EXERCISE BRIEF:
Repeat verbatim only the lines from the opening of the material below through the one that contains "indicator (ball 0 t)".

····················

text \<open>Polar coordinates for a 0-homogeneous density \<open>F\<close>: both measures give \<open>{..<t}\<close> the mass
  \<open>t\<^sup>n \<integral>\<^sub>B F\<close>.\<close>

lemma distr_norm_density_homogeneous:
  fixes F :: "'a::euclidean_space \<Rightarrow> ennreal"
  assumes [measurable]: "F \<in> borel_measurable borel"
    and hom: "\<And>t x. t > 0 \<Longrightarrow> F (t *\<^sub>R x) = F x"
    and finite: "(\<integral>\<^sup>+x. F x * indicator (ball 0 1) x \<partial>lborel) < \<infinity>"
  shows "distr (density lborel F) borel norm = density lborel
    (\<lambda>r. (\<integral>\<^sup>+x. F x * indicator (ball 0 1) x \<partial>lborel) * ennreal (real DIM('a) * r ^ (DIM('a) - 1)) * indicator {0..} r)"
    (is "?L = density lborel (\<lambda>r. ?\<Phi> * _ * _)")
proof -
  let ?R = "density lborel (\<lambda>r. ?\<Phi> * ennreal (real DIM('a) * r ^ (DIM('a) - 1)) * indicator {0..} r)"
  have [measurable]: "ball (0::'a) r \<in> sets borel" for r
    by simp
  have L: "emeasure ?L {..<t} = (if t > 0 then ennreal (t ^ DIM('a)) * ?\<Phi> else 0)" for t :: real
  proof -
    have "emeasure ?L {..<t} = emeasure (density lborel F) (ball 0 t)"
      by (subst emeasure_distr) (auto intro!: arg_cong2[where f = emeasure] simp: mem_ball)
    also have "\<dots> = (\<integral>\<^sup>+x. F x * indicator (ball 0 t) x \<partial>lborel)"
      by (rule emeasure_density) auto
    finally show ?thesis
      using nn_integral_ball_homogeneous[of F t] hom by (auto simp: ball_empty)
  qed
  have R: "emeasure ?R {..<t} = (if t > 0 then ennreal (t ^ DIM('a)) * ?\<Phi> else 0)" for t :: real
  proof -
    have "emeasure ?R {..<t} =
        (\<integral>\<^sup>+r. ?\<Phi> * (ennreal (real DIM('a) * r ^ (DIM('a) - 1)) * indicator {0..<t} r) \<partial>lborel)"
      by (subst emeasure_density) (auto intro!: nn_integral_cong simp: indicator_def)
    also have "\<dots> = ?\<Phi> * (\<integral>\<^sup>+r. ennreal (real DIM('a) * r ^ (DIM('a) - 1)) * indicator {0..<t} r \<partial>lborel)"
      by (rule nn_integral_cmult) measurable
    finally show ?thesis
      using nn_integral_power_Ico[of t "DIM('a)"] by (auto simp: mult.commute)
  qed
  show ?thesis
  proof (rule measure_eqI_generator_eq_countable[where E = "range lessThan" and \<Omega> = UNIV
        and A = "range (\<lambda>n::nat. {..<real n})"])
    show "Int_stable (range lessThan :: real set set)"
    proof (clarsimp simp: Int_stable_def)
      fix a b :: real
      have "{..<a} \<inter> {..<b} = {..<min a b}" by auto
      then show "{..<a} \<inter> {..<b} \<in> range lessThan" by blast
    qed
    show "sets ?L = sigma_sets UNIV (range lessThan)" "sets ?R = sigma_sets UNIV (range lessThan)"
      by (simp_all add: borel_Iio sets_measure_of)
    show "\<Union> (range (\<lambda>n::nat. {..<real n})) = UNIV"
      by (auto intro: reals_Archimedean2)
    show "emeasure ?L X \<noteq> \<infinity>" if "X \<in> range (\<lambda>n::nat. {..<real n})" for X
      using that L finite by (auto simp: ennreal_mult_eq_top_iff split: if_splits)
    show "emeasure ?L X = emeasure ?R X" if "X \<in> range lessThan" for X
      using that L R by auto
  qed auto
qed

lemma nn_integral_homogeneous_radial:
  fixes F :: "'a::euclidean_space \<Rightarrow> ennreal" and w :: "real \<Rightarrow> ennreal"
  assumes [measurable]: "F \<in> borel_measurable borel" "w \<in> borel_measurable borel"
    and hom: "\<And>t x. t > 0 \<Longrightarrow> F (t *\<^sub>R x) = F x"
    and finite: "(\<integral>\<^sup>+x. F x * indicator (ball 0 1) x \<partial>lborel) < \<infinity>"
  shows "(\<integral>\<^sup>+x. F x * w (norm x) \<partial>lborel) = (\<integral>\<^sup>+x. F x * indicator (ball 0 1) x \<partial>lborel) *
     (\<integral>\<^sup>+r. ennreal (real DIM('a) * r ^ (DIM('a) - 1)) * indicator {0..} r * w r \<partial>lborel)"
proof -
  have "(\<integral>\<^sup>+x. F x * w (norm x) \<partial>lborel) = (\<integral>\<^sup>+r. w r \<partial>distr (density lborel F) borel norm)"
    by (simp add: nn_integral_density nn_integral_distr)
  also have "\<dots> = (\<integral>\<^sup>+r. (\<integral>\<^sup>+x. F x * indicator (ball 0 1) x \<partial>lborel) *
      (ennreal (real DIM('a) * r ^ (DIM('a) - 1)) * indicator {0..} r * w r) \<partial>lborel)"
    by (simp add: distr_norm_density_homogeneous[OF assms(1) hom finite] nn_integral_density mult.assoc)
  also have "\<dots> = (\<integral>\<^sup>+x. F x * indicator (ball 0 1) x \<partial>lborel) *
     (\<integral>\<^sup>+r. ennreal (real DIM('a) * r ^ (DIM('a) - 1)) * indicator {0..} r * w r \<partial>lborel)"
    by (rule nn_integral_cmult) measurable
  finally show ?thesis .
qed

definition half_gaussian_moment :: "nat \<Rightarrow> real" where
  "half_gaussian_moment p =
     (if even p then sqrt pi / 2 * (fact p / (2 ^ p * fact (p div 2))) else fact (p div 2) / 2)"

lemma half_gaussian_moment_pos: "half_gaussian_moment p > 0"
  by (simp add: half_gaussian_moment_def)

lemma has_bochner_integral_half_gaussian_moment:
  "has_bochner_integral lborel (\<lambda>r. indicator {0..} r *\<^sub>R (exp (- r\<^sup>2) * r ^ p)) (half_gaussian_moment p)"
proof (cases "even p")
  case True
  then obtain k where "p = 2 * k" by blast
  then show ?thesis
    using gaussian_moment_even_pos[of k] by (simp add: half_gaussian_moment_def)
next
  case False
  then obtain k where "p = 2 * k + 1" by (blast elim: oddE)
  then show ?thesis
    using gaussian_moment_odd_pos[of k] by (simp add: half_gaussian_moment_def)
qed

lemma nn_integral_half_gaussian_moment:
  "(\<integral>\<^sup>+r. ennreal (indicator {0..} r * (exp (- r\<^sup>2) * r ^ p)) \<partial>lborel) = ennreal (half_gaussian_moment p)"
  using has_bochner_integral_half_gaussian_moment[of p] half_gaussian_moment_pos[of p]
  by (subst nn_integral_eq_integrable) (auto simp: has_bochner_integral_iff indicator_def)

lemma nn_integral_gaussian_even_moment:
  "(\<integral>\<^sup>+t. ennreal (exp (- t\<^sup>2) * t ^ (2 * k)) \<partial>lborel) = ennreal (2 * half_gaussian_moment (2 * k))"
proof -
  have "has_bochner_integral lborel (\<lambda>t. exp (- t\<^sup>2) * t ^ (2 * k)) (2 * half_gaussian_moment (2 * k))"
    using has_bochner_integral_even_function[OF has_bochner_integral_half_gaussian_moment] by simp
  then show ?thesis
    using half_gaussian_moment_pos[of "2 * k"]
    by (subst nn_integral_eq_integrable) (auto simp: has_bochner_integral_iff)
qed

lemma half_gaussian_moment_add2: "half_gaussian_moment (p + 2) = (real p + 1) / 2 * half_gaussian_moment p"
proof (cases "even p")
  case True
  then obtain k where p: "p = 2 * k" by blast
  have "fact (2 * k + 2) / (2 ^ (2 * k + 2) * fact (k + 1)) =
      (2 * real k + 1) / 2 * (fact (2 * k) / (2 ^ (2 * k) * fact k) :: real)"
  proof -
    have "fact (2 * k + 2) = 2 * (real k + 1) * (2 * real k + 1) * (fact (2 * k) :: real)"
      by (simp add: fact_Suc numeral_2_eq_2 algebra_simps)
    moreover have "fact (k + 1) = (real k + 1) * (fact k :: real)"
      by simp
    moreover have "real k + 1 \<noteq> 0" "fact k \<noteq> (0::real)"
      by auto
    ultimately show ?thesis
      by (simp add: power_add divide_simps) (simp add: algebra_simps)
  qed
  moreover have "(2 * k + 2) div 2 = k + 1"
    by simp
  ultimately show ?thesis
    by (simp add: half_gaussian_moment_def p)
next
  case False
  then obtain k where p: "p = 2 * k + 1" by (blast elim: oddE)
  have "(p + 2) div 2 = Suc k" "p div 2 = k"
    using p by auto
  with False p show ?thesis
    by (simp add: half_gaussian_moment_def field_simps)
qed

lemma nn_integral_gaussian_component_power:
  fixes a :: "'n::finite"
  shows "(\<integral>\<^sup>+x. ennreal ((x $ a) ^ (2 * j) * exp (- (norm x)\<^sup>2)) \<partial>(lborel :: (real^'n) measure)) =
     ennreal (2 * half_gaussian_moment (2 * j) * (2 * half_gaussian_moment 0) ^ (CARD('n) - 1))"
proof -
  define e :: "real^'n" where "e = axis a 1"
  have e: "e \<in> Basis" by (simp add: e_def)
  define f where "f b t = ennreal (exp (- t\<^sup>2) * t ^ (2 * (if b = e then j else 0)))" for b :: "real^'n" and t
  have [measurable]: "f b \<in> borel_measurable borel" for b
    unfolding f_def by measurable
  have "(\<Prod>b\<in>Basis. f b (x \<bullet> b)) = ennreal ((x $ a) ^ (2 * j) * exp (- (norm x)\<^sup>2))" for x :: "real^'n"
  proof -
    have "(\<Prod>b\<in>Basis. exp (- (x \<bullet> b)\<^sup>2) * (x \<bullet> b) ^ (2 * (if b = e then j else 0))) =
        exp (- (\<Sum>b\<in>Basis. (x \<bullet> b)\<^sup>2)) * (\<Prod>b\<in>Basis. if b = e then (x \<bullet> b) ^ (2 * j) else 1)"
      by (simp add: prod.distrib exp_sum[symmetric] sum_negf if_distrib[of "\<lambda>k. _ ^ (2 * k)"] cong: if_cong)
    also have "\<dots> = exp (- (norm x)\<^sup>2) * (x $ a) ^ (2 * j)"
    proof -
      have "(\<Sum>b\<in>Basis. (x \<bullet> b)\<^sup>2) = (norm x)\<^sup>2"
        by (simp add: euclidean_inner[of x x, symmetric] power2_eq_square dot_square_norm)
      then show ?thesis
        using e by (simp add: e_def inner_axis)
    qed
    finally show ?thesis
      unfolding f_def by (simp add: prod_ennreal mult.commute)
  qed
  then have "(\<integral>\<^sup>+x. ennreal ((x $ a) ^ (2 * j) * exp (- (norm x)\<^sup>2)) \<partial>(lborel :: (real^'n) measure)) =
      (\<Prod>b\<in>Basis. (\<integral>\<^sup>+t. f b t \<partial>lborel))"
    by (simp add: nn_integral_lborel_prod[symmetric] f_def)
  also have "\<dots> = (\<Prod>b\<in>Basis. ennreal (2 * half_gaussian_moment (2 * (if b = e then j else 0))))"
    unfolding f_def by (intro prod.cong refl nn_integral_gaussian_even_moment)
  also have "\<dots> = ennreal (2 * half_gaussian_moment (2 * j)) * ennreal (2 * half_gaussian_moment 0) ^ (CARD('n) - 1)"
    using e by (simp add: prod.remove[OF _ e] prod.cong[of "Basis - {e}" _ _ "\<lambda>_. ennreal (2 * half_gaussian_moment 0)"])
  also have "\<dots> = ennreal (2 * half_gaussian_moment (2 * j) * (2 * half_gaussian_moment 0) ^ (CARD('n) - 1))"
  proof -
    have "0 \<le> 2 * half_gaussian_moment 0" "0 \<le> 2 * half_gaussian_moment (2 * j)"
      using half_gaussian_moment_pos less_imp_le by auto
    then show ?thesis
      by (simp only: ennreal_power ennreal_mult[symmetric] zero_le_power)
  qed
  finally show ?thesis .
qed

lemma abs_axis_cos_le_1: "\<bar>axis_cos a x\<bar> \<le> 1"
  using component_le_norm_cart[of x a]
  by (cases "x = 0") (auto simp: axis_cos_def abs_div)

lemma axis_cos_scaleR: "t > 0 \<Longrightarrow> axis_cos a (t *\<^sub>R x) = axis_cos a x"
  by (simp add: axis_cos_def)

lemma axis_cos_measurable [measurable]: "axis_cos (a :: 'n::finite) \<in> borel_measurable borel"
proof -
  have [measurable]: "(\<lambda>x::real^'n. x $ a) \<in> borel_measurable borel"
    by (intro borel_measurable_continuous_onI linear_continuous_on bounded_linear_vec_nth)
  show ?thesis
    unfolding axis_cos_def by measurable
qed

lemma nn_integral_power_half_gaussian:
  assumes "c \<ge> 0"
  shows "(\<integral>\<^sup>+r. ennreal (c * r ^ k) * indicator {0..} r * ennreal (r ^ m * exp (- r\<^sup>2)) \<partial>lborel) =
    ennreal (c * half_gaussian_moment (k + m))"
proof -
  have "(\<integral>\<^sup>+r. ennreal (c * r ^ k) * indicator {0..} r * ennreal (r ^ m * exp (- r\<^sup>2)) \<partial>lborel) =
      (\<integral>\<^sup>+r. ennreal c * ennreal (indicator {0..} r * (exp (- r\<^sup>2) * r ^ (k + m))) \<partial>lborel)"
    using assms by (intro nn_integral_cong)
      (auto simp: indicator_def power_add ennreal_mult'[symmetric] mult_ac)
  also have "\<dots> = ennreal c * ennreal (half_gaussian_moment (k + m))"
    unfolding nn_integral_half_gaussian_moment[symmetric] by (rule nn_integral_cmult) measurable
  also have "\<dots> = ennreal (c * half_gaussian_moment (k + m))"
    using assms half_gaussian_moment_pos[of "k + m"] by (simp add: ennreal_mult)
  finally show ?thesis .
qed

····················

YOUR RESPONSE:
text \<open>Polar coordinates for a 0-homogeneous density \<open>F\<close>: both measures give \<open>{..<t}\<close> the mass
  \<open>t\<^sup>n \<integral>\<^sub>B F\<close>.\<close>

lemma distr_norm_density_homogeneous:
  fixes F :: "'a::euclidean_space \<Rightarrow> ennreal"
  assumes [measurable]: "F \<in> borel_measurable borel"
    and hom: "\<And>t x. t > 0 \<Longrightarrow> F (t *\<^sub>R x) = F x"
    and finite: "(\<integral>\<^sup>+x. F x * indicator (ball 0 1) x \<partial>lborel) < \<infinity>"
  shows "distr (density lborel F) borel norm = density lborel
    (\<lambda>r. (\<integral>\<^sup>+x. F x * indicator (ball 0 1) x \<partial>lborel) * ennreal (real DIM('a) * r ^ (DIM('a) - 1)) * indicator {0..} r)"
    (is "?L = density lborel (\<lambda>r. ?\<Phi> * _ * _)")
proof -
  let ?R = "density lborel (\<lambda>r. ?\<Phi> * ennreal (real DIM('a) * r ^ (DIM('a) - 1)) * indicator {0..} r)"
  have [measurable]: "ball (0::'a) r \<in> sets borel" for r
    by simp
  have L: "emeasure ?L {..<t} = (if t > 0 then ennreal (t ^ DIM('a)) * ?\<Phi> else 0)" for t :: real
  proof -
    have "emeasure ?L {..<t} = emeasure (density lborel F) (ball 0 t)"
      by (subst emeasure_distr) (auto intro!: arg_cong2[where f = emeasure] simp: mem_ball)
    also have "\<dots> = (\<integral>\<^sup>+x. F x * indicator (ball 0 t) x \<partial>lborel)"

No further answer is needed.